В госпитале у нас, в Днепропетровске, в том самом госпитале, который мы
только что повстречали на колесах, был солдат из оккупированной местности,
его мобилизовали, когда мы пришли. Повоевал он недолго, тут же и ранило, и
был он, в общем, доволен. Этот солдат умел гадать по руке, не раз я видел
издали: стоят в уголке двое в халатах, один слушает с доверием, другой
говорит ему, говорит. В гадания я не верил, но все же решился испытать. И
вот странно: совершенно точно он сказал, куда я ранен. Рука на перевязи --
это видно, но он перечислил и те раны, которые зажили, про которые знать он
не мог. Вот тут я и спросил его о моих братьях. По моей ладони, читая линии
судьбы, он предсказал, что каждого из них ждет впереди. А они уже оба
погибли: один -- под Москвой в сорок первом, другой -- под Харьковом в то
наше майское наступление сорок второго года. И солдат признался, что всю
оккупацию он кормился этим: гадал бабам на базаре, они верили и надеялись.
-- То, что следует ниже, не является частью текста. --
(* Let $(p_D)_{D\in\mathcal{I}}$ be a probability distribution on $\mathcal{I}$ and $X$ a random variable with $P(X=D)=p_D$. Define the guessing-entropy price $$p^G(\mathbf{Q})=G(X)-\sum_{E:\,p_E>0}p_E\cdot G(X\mid \mathbf{Q}(X)=E),\qquad p_E=\sum_{D:\mathbf{Q}(D)=E}p_D.$$ Then $p^G$ is an arbitrage-free instance-independent pricing function.
   Context: $\mathcal{I}$ is a countable nonempty set of database instances; queries are deterministic functions on $\mathcal{I}$; a query bundle is a finite tuple of queries from a language $\mathcal{L}$, evaluated componentwise; $B(\mathcal{L})$ is the set of bundles, closed under concatenation $\mathbf{Q}_1,\mathbf{Q}_2$. For a random variable $Y$ with values in a countable set, enumerate its values $y_1,y_2,\dots$ in order of non-increasing probability and set $G(Y)=\sum_i i\cdot P(Y=y_i)$ (guessing entropy; it is assumed $G(X)<\infty$ so that the price is defined). $G(X\mid\mathbf{Q}(X)=E)$ is the guessing entropy of the conditional distribution of $X$ given $\mathbf{Q}(X)=E$. An instance-independent pricing function $p$ is arbitrage-free if (i) whenever for all $D',D''\in\mathcal{I}$, $\mathbf{Q}_2(D')=\mathbf{Q}_2(D'')$ implies $\mathbf{Q}_1(D')=\mathbf{Q}_1(D'')$, we have $p(\mathbf{Q}_2)\ge p(\mathbf{Q}_1)$; and (ii) $p(\mathbf{Q}_1,\mathbf{Q}_2)\le p(\mathbf{Q}_1)+p(\mathbf{Q}_2)$ for all bundles. *)

theory Defs
  imports "HOL-Probability.Probability"
begin

definition enum_index :: "'a pmf \<Rightarrow> nat set" where
  "enum_index p = (if finite (set_pmf p) then {..<card (set_pmf p)} else UNIV)"

(* e enumerates the values of positive probability in order of non-increasing probability;
   position n (0-based) corresponds to the guess number n+1. *)
definition guess_enum :: "'a pmf \<Rightarrow> (nat \<Rightarrow> 'a) \<Rightarrow> bool" where
  "guess_enum p e \<longleftrightarrow>
     bij_betw e (enum_index p) (set_pmf p) \<and>
     (\<forall>i\<in>enum_index p. \<forall>j\<in>enum_index p. i \<le> j \<longrightarrow> pmf p (e j) \<le> pmf p (e i))"

definition guessing_entropy :: "'a pmf \<Rightarrow> ennreal" where
  "guessing_entropy p =
     (let e = (SOME e. guess_enum p e) in
      (\<Sum>n. if n \<in> enum_index p then ennreal (real (Suc n) * pmf p (e n)) else 0))"

definition bundle_eval :: "('i \<Rightarrow> 'o) list \<Rightarrow> 'i \<Rightarrow> 'o list" where
  "bundle_eval Q D = map (\<lambda>q. q D) Q"

definition price_G :: "'i pmf \<Rightarrow> ('i \<Rightarrow> 'o) list \<Rightarrow> real" where
  "price_G p Q =
     enn2real (guessing_entropy p) -
     enn2real (infsum (\<lambda>E. ennreal (pmf (map_pmf (bundle_eval Q) p) E) *
                            guessing_entropy (cond_pmf p {D. bundle_eval Q D = E}))
                      (set_pmf (map_pmf (bundle_eval Q) p)))"

definition arbitrage_free :: "('i \<Rightarrow> 'o) set \<Rightarrow> (('i \<Rightarrow> 'o) list \<Rightarrow> real) \<Rightarrow> bool" where
  "arbitrage_free L pr \<longleftrightarrow>
     (\<forall>Q1\<in>lists L. \<forall>Q2\<in>lists L.
        (\<forall>D' D''. bundle_eval Q2 D' = bundle_eval Q2 D'' \<longrightarrow> bundle_eval Q1 D' = bundle_eval Q1 D'')
        \<longrightarrow> pr Q2 \<ge> pr Q1) \<and>
     (\<forall>Q1\<in>lists L. \<forall>Q2\<in>lists L. pr (Q1 @ Q2) \<le> pr Q1 + pr Q2)"

end

theory Submission
  imports Defs
begin

text \<open>
  Enumerate a distribution q as x_0, x_1, ... in order of non-increasing probability. Then
  min (q x_i) (q x_j) = q x_max(i,j), so the sum of these minima over the lower triangle j \<le> i is
  the sum of (i + 1) q x_i, that is G(q); the full square is twice the triangle minus the diagonal,
  whence 2 G(q) = 1 + (sum over all pairs x, y of min (q x) (q y)).
  Applying this to every conditional distribution of X given Q(X) = E and weighting with p_E gives
  2 (sum over E of p_E G(X | Q(X) = E)) = 1 + (sum of min (p x) (p y) over the pairs with Q x = Q y).
  So the price of Q is half the sum of min (p x) (p y) over the pairs separated by Q. This grows when
  Q is refined, and is subadditive under concatenation because a pair separated by Q1,Q2 is
  separated by Q1 or by Q2.
\<close>

lemma finite_pmf_ge:
  fixes q :: "'a pmf"
  assumes "c > 0"
  shows "finite {x. c \<le> pmf q x}"
proof (rule ccontr)
  assume inf: "infinite {x. c \<le> pmf q x}"
  obtain n :: nat where n: "1 / c < real n" using reals_Archimedean2 by blast
  obtain B where B: "finite B" "card B = n" "B \<subseteq> {x. c \<le> pmf q x}"
    using infinite_arbitrarily_large[OF inf] by blast
  have "real n * c = (\<Sum>x\<in>B. c)" using B by simp
  also have "\<dots> \<le> (\<Sum>x\<in>B. pmf q x)" using B by (intro sum_mono) auto
  also have "\<dots> = measure q B" using B by (simp add: measure_measure_pmf_finite)
  also have "\<dots> \<le> 1" by simp
  finally have "real n * c \<le> 1" .
  with n assms show False by (simp add: field_simps)
qed

lemma down_closed_nat_eq:
  fixes D :: "nat set"
  assumes "\<And>d k. d \<in> D \<Longrightarrow> k < d \<Longrightarrow> k \<in> D"
  shows "D = (if finite D then {..<card D} else UNIV)"
proof (cases "finite D")
  case True
  have "D \<subseteq> {..<card D}"
  proof
    fix d assume d: "d \<in> D"
    have "{..d} \<subseteq> D" using assms d by (auto simp: le_less)
    hence "card {..d} \<le> card D" using True by (intro card_mono)
    thus "d \<in> {..<card D}" by simp
  qed
  with True show ?thesis by (simp add: card_subset_eq)
next
  case False
  have "k \<in> D" for k
  proof -
    obtain d where "d \<in> D" "k < d" using False unfolding infinite_nat_iff_unbounded by blast
    thus ?thesis using assms by blast
  qed
  with False show ?thesis by auto
qed

definition rank_in :: "('a \<Rightarrow> 'a \<Rightarrow> bool) \<Rightarrow> 'a set \<Rightarrow> 'a \<Rightarrow> nat" where
  "rank_in R S x = card {y\<in>S. R y x}"
(* Let $f:\mathbb{R}^N\times(0,T]\to\mathbb{R}^N$ be monotone in the sense that $(f(u,t)-f(v,t),u-v)\le 0$ for all $u,v\in\mathbb{R}^N$ and all $t$. Let $U$ and $V$ be the $\mathrm{mdG}(q)$ solutions of $\dot w=f(w,t)$ on $(0,T]$ with initial data $U(0^-)$ and $V(0^-)$ respectively, computed on the same partitions and with the same local degrees. Then at every synchronized time-level $\bar t$ (for instance $\bar t=T$), $$\|U(\bar t^-)-V(\bar t^-)\|\le \|U(0^-)-V(0^-)\|,$$ where $\|\cdot\|$ is the Euclidean norm and $(\cdot,\cdot)$ the Euclidean inner product.
   Context: Multi-adaptive discontinuous Galerkin method $\mathrm{mdG}(q)$ for $\dot w=f(w,t)$ on $(0,T]$ with $w(0^-)$ given: for each component $i=1,\dots,N$ one chooses a partition $0=t_{i0}<\dots<t_{iM_i}=T$, intervals $I_{ij}=(t_{i,j-1},t_{ij}]$ and degrees $q_{ij}\ge0$. The solution $W$ has $W_i|_{I_{ij}}\in\mathcal{P}^{q_{ij}}(I_{ij})$ (polynomials of degree $\le q_{ij}$; no continuity required across nodes), $W_i(0^-)$ given, and for all $i,j$ $$[W_i]_{i,j-1}\,v(t_{i,j-1}^+)+\int_{I_{ij}}\dot W_i\,v\,dt=\int_{I_{ij}}f_i(W(t),t)\,v\,dt\qquad\forall v\in\mathcal{P}^{q_{ij}}(I_{ij}),$$ where $[W_i]_{ij}=W_i(t_{ij}^+)-W_i(t_{ij}^-)$ and integrals are exact. A synchronized time-level is a time $\bar t\in(0,T]$ that is a partition node $t_{ij}$ for every component $i$. *)

theory Defs
  imports "HOL-Analysis.Analysis" "HOL-Computational_Algebra.Polynomial"
begin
Со школы мы усвоили твердо: утешители вредны. Но кто знает, может быть,
лучше не ведать иной раз, какое-то еще время жить надеждой.
Я задремал под стук колес на верхних нарах, а проснулся на полу.
Вскочил, как после разрыва: над нарами, в проломленной стене -- дульный
тормоз пушки. И медленно он выдвигается оттуда, из пролома. А уже бежит
народ внизу вдоль путей, кричат что-то. Мы тоже спрыгнули на насыпь,
побежали, куда бегут все, на ходу ощупывая ушибы. Впереди, в голове состава,
столкнулись паровозы двух наших эшелонов: кто-то перевел стрелку или,
наоборот, забыл перевести нужным образом, и с двух разных путей эшелоны
устремились на один путь.
Когда мы подбежали, паровозы, врезавшиеся друг в друга, стояли,
накрененные врозь, все шипело, окутанное паром, а земля и насыпь, как под
разлившейся лавой, горели и чадили: это раскатился жар из топок. Позже я
видел, как растаскивали паровозы. Освободили пути, подогнали к каждому сзади
еще по паровозу, потянули, они расцепились, грохнулись всеми колесами на
рельсы.
Задним числом всегда столько находится умных, и уж они знают, что
следовало, чего не следовало делать. А не следовало -- и это уж точно! --
ставить в середину состава, между платформами с теплушками и тракторами,
легкий штабной вагон. Его и сплюснуло накатившейся тяжестью. Когда мы
подбежали, там еще слышались стоны и капало на шпалы, на щебенку. Ничего
нужного в первый момент под рукой не оказалось, вырубали топорами из-под
низу, сменяя друг друга, а железо, как назло, толстое. Там, в тамбуре,
стояли и курили трое. И вот судьба: один из троих был Леша Краснов, его как
раз вызвали зачем-то в штабной вагон. В сплюснутом тамбуре, в железной этой
коробке, когда мы прорубались, слышны были стоны и капало, но все тише,
реже. Провели мимо двух железнодорожников, вели их быстро, подталкивая в
спины, в шеи, на них зло оглядывались от вагонов.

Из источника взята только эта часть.